Жезде – передовик производства в моем детском окружении был единственным представителем канонического рабочего класса, и, приезжая на рудник, я видела, что это действительно гегемон. Высокие по советским меркам зарплаты, на которые в местных магазинах можно было отовариться гораздо большим количеством вещей и продуктов, чем в областном центре Целинограде, не говоря уже о соседних районах и селах; бесплатный лечебный пансионат и путевки в здравницы по всему Союзу; автомобили вне очереди и особая гордость рудника, изысканный досуг для уставшего пролетария – бассейн, куда, впрочем, ходили только дети, и который в девяностых годах первым падет жертвой бессмысленного и беспощадного вандализма.
После развала Союза рабочие стали классом-фантомом, о котором вспоминают только в связи с гибелью на производстве, и то если массовой, и во время забастовок, и то если про них напишет пресса.

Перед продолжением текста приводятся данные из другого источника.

lemma run_from_init: "run G \<sigma> k (init_config G) = ((\<Sum>i<k. play_wt G \<sigma> i), play_cfg G \<sigma> k)"
proof (induction k)
  case 0 then show ?case by (simp add: play_cfg_0)
next
  case (Suc k)
  have "run G \<sigma> (k + 1) (init_config G) = ((\<Sum>i<Suc k. play_wt G \<sigma> i), play_cfg G \<sigma> (Suc k))"
    unfolding run_add Suc by (simp add: split_def play_wt_def play_cfg_Suc)
  then show ?case by simp
qed

section \<open>Structure of the game \<open>A\<^sub>\<phi>\<close>\<close>

lemma phi_game_simps [simp]:
  "init_config (phi_game n cls) = [(M0, [Nd En])]"
  "entries (phi_game n cls) m = {En}"
  "exits (phi_game n cls) m = {Ex}"
  "own1 (phi_game n cls) m = UNIV"
  "boxes (phi_game n cls) M0 = {..<length cls}"
  "boxes (phi_game n cls) (MCl i) = {..<3}"
  "boxes (phi_game n cls) (MLit y) = {0}"
  "invokes (phi_game n cls) M0 b = MCl b"
  "invokes (phi_game n cls) (MCl i) b = MLit (cls ! i ! b)"
  "invokes (phi_game n cls) (MLit y) b = MLit (neg_lit y)"
  by (simp_all add: phi_game_def init_config_def)

lemma phi_game_trans:
  "trans (phi_game n cls) M0 = (if cls = [] then {} else
     {(Nd En, 0, Cl 0 En)} \<union> {(Rt i Ex, 0, Cl (Suc i mod length cls) En) | i. i < length cls})"
  "trans (phi_game n cls) (MCl i) = {(Nd En, 0, Cl j En) | j. j < 3} \<union> {(Rt j Ex, 0, Nd Ex) | j. j < 3}"
  "trans (phi_game n cls) (MLit y) = {(Nd En, -1, Nd Ex), (Nd En, -1, Cl 0 En), (Rt 0 Ex, 2, Nd Ex)}"
  by (simp_all add: phi_game_def)

lemma phi_game_has_move [simp]:
  "has_move (phi_game n cls) M0 p \<longleftrightarrow> cls \<noteq> [] \<and> (p = Nd En \<or> (\<exists>i<length cls. p = Rt i Ex))"
  "has_move (phi_game n cls) (MCl i) p \<longleftrightarrow> p = Nd En \<or> (\<exists>j<3. p = Rt j Ex)"
  "has_move (phi_game n cls) (MLit y) p \<longleftrightarrow> p = Nd En \<or> p = Rt 0 Ex"
  unfolding has_move_def phi_game_trans by force+

lemma phi_game_step_weight:
  assumes "step (phi_game n cls) x w y"
  shows "w \<ge> -1"
  using assms
proof (cases rule: step.cases)
  case (internal p q m h st)
  then show ?thesis by (cases m) (auto simp: phi_game_trans split: if_splits)
qed auto

lemma phi_game_empty_stuck:
  "\<not> step (phi_game n []) (init_config (phi_game n [])) w y"
proof
  assume "step (phi_game n []) (init_config (phi_game n [])) w y"
  then show False by (cases rule: step.cases) (auto simp: phi_game_trans)
qed

text \<open>For a nonempty formula every legal strategy produces an infinite play.\<close>

locale formula_game =
  fixes n :: nat and cls :: "lit list list"
  assumes nonempty: "cls \<noteq> []"
begin

abbreviation "A \<equiv> phi_game n cls"

definition live_pos :: "modname \<Rightarrow> (vtx, nat) pos \<Rightarrow> bool" where
  "live_pos m p \<longleftrightarrow> has_move A m p \<or> (\<exists>b\<in>boxes A m. p = Cl b En) \<or> (p = Nd Ex \<and> m \<noteq> M0)"

fun callers_ok :: "modname \<Rightarrow> (modname, vtx, nat) config \<Rightarrow> bool" where
  "callers_ok m [] \<longleftrightarrow> m = M0"
| "callers_ok m ((m', h) # st) \<longleftrightarrow> m \<noteq> M0 \<and>
     (\<exists>b h'. h = Cl b En # h' \<and> b \<in> boxes A m' \<and> invokes A m' b = m) \<and> callers_ok m' st"
lemma sdist_pos:
  assumes "x \<noteq> y"
  shows "sdist s x y > 0"
proof -
  obtain i where "x $ i \<noteq> y $ i"
    using assms by (metis vec_eq_iff)
  then have "0 < \<bar>x $ i - y $ i\<bar> powr (1 / real (s i))"
    by simp
  also have "\<dots> \<le> sdist s x y"
    unfolding sdist_def by (rule member_le_sum) auto
  finally show ?thesis .
qed

lemma sdist_triangle:
  assumes "\<forall>i. s i \<ge> 1"
  shows "sdist s x z \<le> sdist s x y + sdist s y z"
proof -
  have "\<bar>x $ i - z $ i\<bar> powr (1 / s i) \<le> \<bar>x $ i - y $ i\<bar> powr (1 / s i) + \<bar>y $ i - z $ i\<bar> powr (1 / s i)"
    for i
  proof -
    have si: "s i \<ge> 1"
      using assms by simp
    have "root (s i) \<bar>x $ i - z $ i\<bar> \<le> root (s i) (\<bar>x $ i - y $ i\<bar> + \<bar>y $ i - z $ i\<bar>)"
      using si by (intro real_root_le_mono) auto
    also have "\<dots> \<le> root (s i) \<bar>x $ i - y $ i\<bar> + root (s i) \<bar>y $ i - z $ i\<bar>"
      using si by (intro root_add_le) auto
    finally show ?thesis
      using si by (simp add: root_powr_inverse)
  qed
  then show ?thesis
    unfolding sdist_def by (simp add: sum.distrib[symmetric] sum_mono)
qed

lemma sdist_add_powers:
  assumes "\<forall>i. s i \<ge> 1" "\<forall>j. r j \<ge> 0"
  shows "sdist s y (y + (\<chi> j. r j ^ s j)) = (\<Sum>j\<in>UNIV. r j)"
proof -
  have "\<bar>y $ j - (y + (\<chi> j. r j ^ s j)) $ j\<bar> powr (1 / s j) = r j" for j
    using assms[rule_format, of j] by (simp add: root_powr_inverse[symmetric] real_root_power_cancel)
  then show ?thesis
    by (simp add: sdist_def)
qed

lemma germ_norm_nonneg: "germ_norm_set s \<eta> D U \<noteq> {} \<Longrightarrow> germ_norm s \<eta> D U \<ge> 0"
  unfolding germ_norm_def by (rule cInf_greatest) (auto simp: germ_norm_set_def)

lemma germ_semi_nonneg: "germ_semi_set s \<eta> \<alpha> D U \<noteq> {} \<Longrightarrow> germ_semi s \<eta> \<alpha> D U \<ge> 0"
  unfolding germ_semi_def by (rule cInf_greatest) (auto simp: germ_semi_set_def)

Из-за этих нехитрых привилегий и пафоса советской риторики в адрес рабочего класса отношение к рабочим после падения их диктатуры сложилось от обратного снисходительно-пренебрежительное. Неотесанная темная масса, опора тоталитаризма, зарабатывавшая как профессура – зарплатное равенство с научной интеллигенцией особенно часто припоминают и не могут простить советскому человеку труда. После развала Союза рабочие стали классом-фантомом, о котором вспоминают только в связи с гибелью на производстве, и то если массовой, и во время забастовок, и то если про них напишет пресса. Это особенно четко проявил Жанаозен, когда многомесячную забастовку нескольких сотен рабочих не замечала не только власть, но и общество, а последующий расстрел бастующих не вызвал единодушного сочувствия даже у городской интеллигенции. Слишком многие быстро и охотно поверили в официальную версию про напавших на полицию рабочих, и опять-таки сильное раздражение вызывали растиражированные пиарщиками нефтяных компаний «высокие» зарплаты людей, занятых на сложном, физически изматывающем производстве.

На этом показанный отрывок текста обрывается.